Key PointsQuestion
How is indoor tanning frequency associated with behaviors related to skin cancer prevention?
Findings
This cross-sectional study using data from the US 2015 National Health Interview Survey found that young adults who frequently tanned indoors were significantly more likely to never/rarely use protective clothing or shade compared with young adults who did not tan indoors. Similar findings were observed among women.
Meaning
In 2 groups with high indoor tanning prevalence (young adults and women), frequent indoor tanners often exhibited a concurrent tendency to practice poor sun protection, which may increase their risk of skin cancer beyond the risk associated with indoor tanning alone.
Importance
Indoor tanning is prevalent among young adults and women and is associated with increased risk of melanoma. Evidence suggests that indoor tanners may be more inclined to adopt poor photoprotective practices that further increase their risk of skin cancer; however, gaps in the literature exist in young adults and by indoor tanning frequency.
Objective
To examine the association between indoor tanning frequency and behaviors related to skin cancer prevention and to investigate whether these associations vary by age group or sex.

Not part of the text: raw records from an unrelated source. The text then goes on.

text \<open>V and W are adjacent iff some edge (admissible cyclic 4-partition) is incident to both.\<close>
definition gamma_adj :: "(nat \<Rightarrow> real) \<Rightarrow> nat \<Rightarrow> nat set list set \<Rightarrow> nat set list set \<Rightarrow> bool" where
  "gamma_adj l n V W \<longleftrightarrow> V \<noteq> W \<and> (\<exists>ps. length ps = 4 \<and> admissible l n ps \<and>
      (\<exists>q\<in>merges ps. admissible l n q \<and> cyc q = V) \<and>
      (\<exists>q\<in>merges ps. admissible l n q \<and> cyc q = W))"

text \<open>Mirror image: reverse the cyclic order; cyc [I,J,K] maps to cyc [K,J,I] = cyc [J,I,K].\<close>
definition mirror :: "nat set list set \<Rightarrow> nat set list set" where
  "mirror V = rev ` V"

definition path_le :: "(nat \<Rightarrow> real) \<Rightarrow> nat \<Rightarrow> nat \<Rightarrow> nat set list set \<Rightarrow> nat set list set \<Rightarrow> bool" where
  "path_le l n m V W \<longleftrightarrow> (\<exists>k\<le>m. \<exists>p :: nat \<Rightarrow> nat set list set.
      p 0 = V \<and> p k = W \<and> (\<forall>i<k. gamma_adj l n (p i) (p (Suc i))))"

end

theory Submission
  imports Defs
begin

text \<open>
  Let \<open>m\<close> be an index of maximal length. Every vertex is joined by a path of length at most 2
  to a vertex having \<open>{m}\<close> as a part: the rest \<open>R\<close> of the part containing \<open>m\<close> is moved into a
  neighbouring part \<open>J\<close> or \<open>K\<close>. If neither can absorb all of \<open>R\<close>, first move a piece
  \<open>R\<^sub>1 \<subseteq> R\<close> that keeps \<open>J \<union> R\<^sub>1\<close> short but such that \<open>J \<union> R\<^sub>1 \<union> {e}\<close> is long for some
  \<open>e \<in> R - R\<^sub>1\<close>; since \<open>l e \<le> l m\<close>, also \<open>J \<union> R\<^sub>1 \<union> {m}\<close> is long, so by genericity its
  complement, \<open>K\<close> together with the rest of \<open>R\<close>, is short and takes the second move.
  Two vertices \<open>({m}, B, C)\<close> and \<open>({m}, B', C')\<close> are assembled from the four blocks
  \<open>B \<inter> B'\<close>, \<open>B \<inter> C'\<close>, \<open>C \<inter> B'\<close>, \<open>C \<inter> C'\<close>. Moving blocks one at a time reaches
  \<open>({m}, B', C')\<close> in two moves if \<open>{m} \<union> (B \<inter> B')\<close> is long (its complement is then short),
  and the mirror image \<open>({m}, C', B')\<close> in three moves otherwise; if some block is empty, one
  move suffices. This gives \<open>2 + 3 + 2\<close>.
\<close>

lemma sum_crosses_threshold:
  fixes f :: "'a \<Rightarrow> 'b::linordered_ab_group_add"
  assumes "finite R" "a < t" "t \<le> a + sum f R"
  shows "\<exists>R1 e. R1 \<subseteq> R \<and> e \<in> R - R1 \<and> a + sum f R1 < t \<and> t \<le> a + sum f R1 + f e"
  using assms(1,3)
proof (induction R rule: finite_induct)
  case empty
  with assms(2) show ?case by simp
next
  case (insert x R)
  show ?case
  proof (cases "t \<le> a + sum f R")
    case True
    with insert.IH show ?thesis by blast
  next
    case False
    with insert show ?thesis
      by (intro exI[of _ R] exI[of _ x]) (auto simp: algebra_simps)
  qed
qed
lemma den_ppow: "pfrac e r \<Longrightarrow> \<exists>j\<le>e. den r = int p ^ j"
proof -
  assume "pfrac e r"
  then have "nat (den r) dvd p ^ e"
    using den_pos[of r] pfrac_iff_den_dvd by (metis int_dvd_int_iff int_nat_eq less_le_not_le of_nat_power)
  then obtain j where "j \<le> e" "nat (den r) = p ^ j"
    using divides_primepow_nat[OF prime_p] by blast
  then show ?thesis using den_pos[of r] by (metis int_nat_eq less_le_not_le of_nat_power)
qed

text \<open>The scalar multiplication of Q_p shifts the level by the denominator p^j of y 0 itself,
  which suffices because j < p^j.\<close>
lemma pfrac_den: "pfrac e r \<Longrightarrow> pfrac (nat (den r)) r"
proof -
  assume "pfrac e r"
  then obtain j where j: "den r = int p ^ j" using den_ppow by blast
  have "j < 2 ^ j" by (rule less_exp)
  also have "(2::nat) ^ j \<le> p ^ j" using p_ge_2 by (simp add: power_mono)
  finally have "int p ^ j dvd int p ^ nat (den r)"
    using j by (simp add: nat_power_eq le_imp_power_dvd)
  then show ?thesis using j pfrac_iff_den_dvd by simp
qed

lemma den_add_le: "pfrac e r \<Longrightarrow> pfrac e s \<Longrightarrow> den (r + s) \<le> max (den r) (den s)"
proof -
  assume "pfrac e r" "pfrac e s"
  then obtain i j where ij: "den r = int p ^ i" "den s = int p ^ j" using den_ppow by blast
  then have "pfrac (max i j) r" "pfrac (max i j) s"
    using pfrac_iff_den_dvd by (simp_all add: le_imp_power_dvd)
  then have "den (r + s) dvd int p ^ max i j" using pfrac_add pfrac_iff_den_dvd by blast
  then have "den (r + s) \<le> int p ^ max i j" by (simp add: zdvd_imp_le)
  also have "\<dots> = max (den r) (den s)" using ij p_ge_2 by (simp add: max_def power_increasing_iff)
  finally show ?thesis .
qed

abbreviation Qp :: "(nat \<Rightarrow> rat) set" where
  "Qp \<equiv> padic_set p"

lemma pfrac_iff_ppow_denom: "(\<exists>(a::int) (k::nat). r = of_int a / of_nat p ^ k) \<longleftrightarrow> (\<exists>e. pfrac e r)"
proof
  assume "\<exists>(a::int) (k::nat). r = of_int a / of_nat p ^ k"
  then obtain a k where "r = of_int a / of_nat p ^ k" by blast
  then have "of_nat p ^ k * r = of_int a" by simp
  then show "\<exists>e. pfrac e r" unfolding pfrac_def by (metis Ints_of_int)
next
  assume "\<exists>e. pfrac e r"
  then obtain e z where "of_nat p ^ e * r = of_int z" unfolding pfrac_def by (auto elim: Ints_cases)
  then have "r = of_int z / of_nat p ^ e" by (simp add: field_simps)
  then show "\<exists>(a::int) (k::nat). r = of_int a / of_nat p ^ k" by blast
qed
(* Let $\alpha,\beta$ be positive integers, let $a>0$ and $b$ be real numbers, and for each non-negative integer $n$ let $$S_n=\{n\alpha+j\beta : j\in\mathbb{Z}_{\geq0},\ j>an+b\}\subset\mathbb{Z}.$$ Let $g'=\gcd(\alpha,\beta)$ and $B_0=\beta^2(\alpha+a(1+\beta))+\beta$. Then for every $B\geq B_0$, every non-negative integer $n$, and every multiple $M$ of $g'$ with $M\geq\min(S_n)+B$, there is an integer $i$ with $n\leq i<n+\beta(\beta+1)$ such that $M\in S_i$. *)

theory Defs
  imports Complex_Main
begin

definition Sset :: "nat \<Rightarrow> nat \<Rightarrow> real \<Rightarrow> real \<Rightarrow> nat \<Rightarrow> int set" where
  "Sset \<alpha> \<beta> a b n = {int n * int \<alpha> + int j * int \<beta> | j::nat. real j > a * real n + b}"

end

theory Submission
  imports Defs
begin

text \<open>Write \<open>M = i\<alpha> + q\<beta>\<close> with \<open>i\<close> in the window \<open>n \<le> i < n + \<beta>/gcd \<alpha> \<beta>\<close>: this is possible because
  shifting \<open>(i, q)\<close> by \<open>(\<beta>/g, -\<alpha>/g)\<close> preserves \<open>i\<alpha> + q\<beta>\<close>, so \<open>i\<close> can be any residue class
  modulo \<open>\<beta>/g\<close>. If \<open>min S\<^sub>n = n\<alpha> + j\<^sub>0\<beta>\<close> and \<open>M \<ge> min S\<^sub>n + B\<close>, then \<open>q\<beta> \<ge> j\<^sub>0\<beta> + B - (i - n)\<alpha>\<close>,
  and \<open>B\<close> is large enough to give \<open>q \<ge> j\<^sub>0 + a(i - n) > ai + b\<close>, i.e. \<open>M \<in> S\<^sub>i\<close>.\<close>

lemma Inf_Sset:
  obtains j0 :: nat where "real j0 > a * real n + b"
    and "Inf (Sset \<alpha> \<beta> a b n) = int n * int \<alpha> + int j0 * int \<beta>"
proof -
  have ex: "\<exists>j::nat. real j > a * real n + b" by (rule reals_Archimedean2)
  define j0 where "j0 = (LEAST j::nat. real j > a * real n + b)"
  have j0: "real j0 > a * real n + b" unfolding j0_def by (rule LeastI_ex[OF ex])
  have "Inf (Sset \<alpha> \<beta> a b n) = int n * int \<alpha> + int j0 * int \<beta>"
  proof (rule cInf_eq_minimum)
    show "int n * int \<alpha> + int j0 * int \<beta> \<in> Sset \<alpha> \<beta> a b n"
      unfolding Sset_def using j0 by blast
  next
    fix s assume "s \<in> Sset \<alpha> \<beta> a b n"
    then obtain j :: nat where s: "s = int n * int \<alpha> + int j * int \<beta>" "real j > a * real n + b"
      unfolding Sset_def by blast
    have "j0 \<le> j" unfolding j0_def using s(2) by (rule Least_le)
    then show "int n * int \<alpha> + int j0 * int \<beta> \<le> s" using s(1) by (simp add: mult_right_mono)
  qed
  with j0 that show ?thesis by blast
qed

lemma lincomb_first_coeff_in_window:
  fixes \<alpha> \<beta> n :: nat and M :: int
  assumes "\<beta> > 0" and "int (gcd \<alpha> \<beta>) dvd M"
  obtains t :: nat and q :: int
  where "t < \<beta> div gcd \<alpha> \<beta>" and "M = int (n + t) * int \<alpha> + q * int \<beta>"
proof -
  define g where "g = gcd (int \<alpha>) (int \<beta>)"
  obtain u v where uv: "u * int \<alpha> + v * int \<beta> = g" using bezout_int by (metis g_def)
  obtain c where c: "M = g * c" using assms(2) by (auto simp: g_def)
  define x where "x = u * c"
  have xy: "M = x * int \<alpha> + v * c * int \<beta>" unfolding x_def c uv[symmetric] by (simp add: algebra_simps)
  obtain \<alpha>' \<beta>' where a': "int \<alpha> = g * \<alpha>'" and b': "int \<beta> = g * \<beta>'"
    unfolding g_def by (meson gcd_dvd1 gcd_dvd2 dvdE)
  have "g > 0" using assms(1) by (simp add: g_def)
  then have b'pos: "\<beta>' > 0" using b' assms(1) by (metis of_nat_0_less_iff zero_less_mult_pos)
  define t where "t = (x - int n) mod \<beta>'"
  have t: "0 \<le> t" "t < \<beta>'" unfolding t_def using b'pos by auto
  obtain k where k: "x - (int n + t) = \<beta>' * k"
    unfolding t_def by (metis diff_diff_add dvd_minus_mod dvdE)
  have "M = (int n + t) * int \<alpha> + (v * c + k * \<alpha>') * int \<beta>"
    unfolding xy using k a' b' by (simp add: algebra_simps)
  moreover have "\<beta>' = int (\<beta> div gcd \<alpha> \<beta>)"
  proof -
    have "\<beta>' = int \<beta> div g" using b' \<open>g > 0\<close> by simp
    then show ?thesis by (simp add: g_def zdiv_int)
  qed
  ultimately show ?thesis using t that[of "nat t" "v * c + k * \<alpha>'"] by simp
qed

lemma window_coeff_bound:
  fixes \<alpha> \<beta> t j0 :: nat and a B n q :: real
  assumes "\<beta> > 0" "a > 0" "t \<le> \<beta>"
    and "B \<ge> real \<beta> ^ 2 * (real \<alpha> + a * (1 + real \<beta>)) + real \<beta>"
    and "q * real \<beta> + (n + real t) * real \<alpha> \<ge> n * real \<alpha> + real j0 * real \<beta> + B"
  shows "q \<ge> real j0 + a * real t"
proof -
  have "real t \<le> real \<beta> * real \<beta>"
    using assms(1,3) by (metis le_square of_nat_le_iff of_nat_mult order.trans)
  then have "real t * real \<alpha> \<le> real \<beta> ^ 2 * real \<alpha>"
    by (intro mult_right_mono) (auto simp: power2_eq_square)
  moreover have "a * real t * real \<beta> \<le> real \<beta> ^ 2 * (a * (1 + real \<beta>))"
  proof -
    have "a * real t * real \<beta> \<le> a * real \<beta> * real \<beta>"
      using assms(2,3) by (intro mult_right_mono) auto
    also have "\<dots> \<le> real \<beta> ^ 2 * (a * (1 + real \<beta>))"
      using assms(2) by (simp add: power2_eq_square algebra_simps)
    finally show ?thesis .
  qed
  ultimately have "(real j0 + a * real t) * real \<beta> \<le> q * real \<beta>"
    using assms(4,5) by (simp add: algebra_simps)
  then show ?thesis using assms(1) by simp
qed

theorem mainTheorem18:
  fixes \<alpha> \<beta> :: nat and a b B :: real and n :: nat and M :: int
  assumes "\<alpha> > 0" "\<beta> > 0" "a > 0"
    and "B \<ge> real \<beta> ^ 2 * (real \<alpha> + a * (1 + real \<beta>)) + real \<beta>"
    and "int (gcd \<alpha> \<beta>) dvd M"
    and "real_of_int M \<ge> real_of_int (Inf (Sset \<alpha> \<beta> a b n)) + B"
  shows "\<exists>i::nat. n \<le> i \<and> i < n + \<beta> * (\<beta> + 1) \<and> M \<in> Sset \<alpha> \<beta> a b i"
proof -
  obtain j0 where j0: "real j0 > a * real n + b"
    and Inf: "Inf (Sset \<alpha> \<beta> a b n) = int n * int \<alpha> + int j0 * int \<beta>"
    by (rule Inf_Sset)
  obtain t q where t: "t < \<beta> div gcd \<alpha> \<beta>" and M: "M = int (n + t) * int \<alpha> + q * int \<beta>"
    using lincomb_first_coeff_in_window[OF assms(2,5)] .
  have t_le: "t < \<beta>" using t div_le_dividend order.strict_trans2 by blast
  have "real_of_int q \<ge> real j0 + a * real t"
    using assms(6) unfolding Inf M
    by (intro window_coeff_bound[OF assms(2,3) less_imp_le[OF t_le] assms(4), where n = "real n"])
      (simp add: algebra_simps)
  moreover have "0 \<le> real j0 + a * real t" using assms(3) by simp
  ultimately have q: "q \<ge> 0" "real (nat q) > a * real (n + t) + b"
    using j0 by (simp_all add: algebra_simps)
  have "M \<in> Sset \<alpha> \<beta> a b (n + t)"
    unfolding Sset_def using M q by (intro CollectI exI[of _ "nat q"]) simp
  moreover have "n + t < n + \<beta> * (\<beta> + 1)" using t_le by (simp add: trans_less_add1)
  ultimately show ?thesis by (intro exI[of _ "n + t"]) simp
qed

end
lemma has_integral_inverse_square_shift:
  fixes m :: real
  assumes m: "m > 0"
  shows "((\<lambda>x. 1 / (x + m)\<^sup>2) has_integral (1 / m)) {0..}"
proof (rule has_integral_to_inf)
  have fi: "((\<lambda>x. 1 / (x + m)\<^sup>2) has_integral (1/m - 1/(y + m))) {0..y}" if "y \<ge> 0" for y
  proof -
    have "((\<lambda>x. 1 / (x + m)\<^sup>2) has_integral ((-1/(y + m)) - (-1/(0 + m)))) {0..y}"
      using that m
      by (intro fundamental_theorem_of_calculus)
         (auto intro!: derivative_eq_intros simp flip: has_real_derivative_iff_has_vector_derivative
               simp: power2_eq_square field_simps)
    then show ?thesis by simp
  qed
  show "(\<lambda>x. 1 / (x + m)\<^sup>2) integrable_on {0..y}" for y
    using fi by (cases "y \<ge> 0") (auto simp: integrable_on_empty)
  have "\<forall>\<^sub>F y in at_top. integral {0..y} (\<lambda>x. 1 / (x + m)\<^sup>2) = 1/m - 1/(y + m)"
    using fi by (meson eventually_at_top_linorderI integral_unique)
  moreover have "((\<lambda>y::real. 1/m - 1/(y + m)) \<longlongrightarrow> 1/m) at_top"
    by real_asymp
  ultimately show "((\<lambda>y. integral {0..y} (\<lambda>x. 1 / (x + m)\<^sup>2)) \<longlongrightarrow> 1/m) at_top"
    by (simp add: tendsto_cong)
qed (use m in auto)

context
  fixes C :: "complex^'n^'n" and m :: real
  assumes m_pos: "m > 0" and coercive: "coercive C m"
begin

lemma invertible_shift: "l \<ge> 0 \<Longrightarrow> invertible (mat (complex_of_real l) + C)"
  using coercive_imp_invertible[OF _ coercive_shift[OF coercive]] m_pos by simp

lemma norm_resolvent_le:
  assumes "l \<ge> 0"
  shows "norm (resolvent C l) \<le> real CARD('n) * real CARD('n) / (l + m)"
proof -
  have "norm (resolvent C l *v x) \<le> 1 / (l + m) * norm x" for x
    using norm_matrix_inv_mult_le[OF _ coercive_shift[OF coercive]] m_pos assms
    by (simp add: resolvent_def)
  then show ?thesis
    using norm_matrix_le_of_norm_mult_le by fastforce
qed

lemma continuous_on_resolvent: "continuous_on {0..} (resolvent C)"
proof -
  obtain K where K: "K > 0"
    "\<And>(P :: complex^'n^'n) (Q :: complex^'n^'n). norm (P ** Q) \<le> K * norm P * norm Q"
    using bilinear_bounded_pos[OF bilinear_matrix_matrix_mult] by blast
  define c where "c = real CARD('n) * real CARD('n)"
  have bound: "norm (resolvent C l) \<le> c / m" if "l \<ge> 0" for l
  proof -
    have "c / (l + m) \<le> c / m"
      using that m_pos by (intro frac_le) (auto simp: c_def)
    then show ?thesis
      using norm_resolvent_le[OF that] by (simp add: c_def)
  qed
  have "(K * (c / m) * (c / m))-lipschitz_on {0..} (resolvent C)"
  proof (rule lipschitz_onI)
    fix l l' :: real
    assume "l \<in> {0..}" "l' \<in> {0..}"
    then have "norm (resolvent C l - resolvent C l') = \<bar>l - l'\<bar> * norm (resolvent C l ** resolvent C l')"
      by (simp add: resolvent_identity invertible_shift abs_minus_commute)
    also have "\<dots> \<le> \<bar>l - l'\<bar> * (K * norm (resolvent C l) * norm (resolvent C l'))"
      using K(2) by (rule mult_left_mono) simp
    also have "\<dots> \<le> \<bar>l - l'\<bar> * (K * (c / m) * (c / m))"
      using K(1) m_pos \<open>l \<in> {0..}\<close> \<open>l' \<in> {0..}\<close> bound
      by (intro mult_left_mono mult_mono) (auto simp: c_def)
    finally show "dist (resolvent C l) (resolvent C l') \<le> K * (c / m) * (c / m) * dist l l'"
      by (simp add: dist_norm dist_real_def mult.commute)
  qed (use K m_pos in \<open>simp add: c_def\<close>)
  then show ?thesis
    by (rule lipschitz_on_continuous_on)
qed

Design, Setting, and Participants
Cross-sectional population-based study of US 2015 National Health Interview Survey data including 10 262 non-Hispanic white adults aged 18 to 60 years without a history of skin cancer.
Main Outcomes and Measures
Rare/never use of sunscreen, protective clothing, shade; multiple sunburns within the past year; previous full-body skin examination.
Results
Of the 10 262 individuals in our study population (49% female; median age, 39 y), 787 (7.0%) reported having tanned indoors in the past year. Among individuals aged 18 to 34 years, frequent indoor tanners (≥10 times in the past year) were more likely to report never/rare use of protective clothing (adjusted prevalence ratio [aPR], 1.28; 95% CI, 1.10-1.49) and shade (aPR, 1.32; 95% CI, 1.03-1.70), compared with individuals who did not tan indoors. Among women aged 18 to 60 years, those who frequently tanned indoors were more likely to rarely/never use sunscreen (aPR, 1.34; 95% CI, 1.11-1.62), protective clothing (aPR, 1.27; 95% CI, 1.15-1.42), and shade (aPR, 1.54; 95% CI, 1.25-1.90) on a warm sunny day, as well as more likely to report multiple sunburns in the past year (aPR, 1.21; 95% CI, 1.00-1.45) compared with those who did not tan indoors. Individuals who tanned indoors in the past year were not significantly more likely to have undergone a previous full-body skin examination in any subpopulation examined.
Conclusions and Relevance
Individuals who tan indoors often exhibited a concurrent tendency to sunburn, avoid sun protection, and avoid skin cancer screening. Thus, the findings highlight that in addition to tanning bed avoidance, it is critical to emphasize sun protection and skin cancer screening in individuals who tan indoors.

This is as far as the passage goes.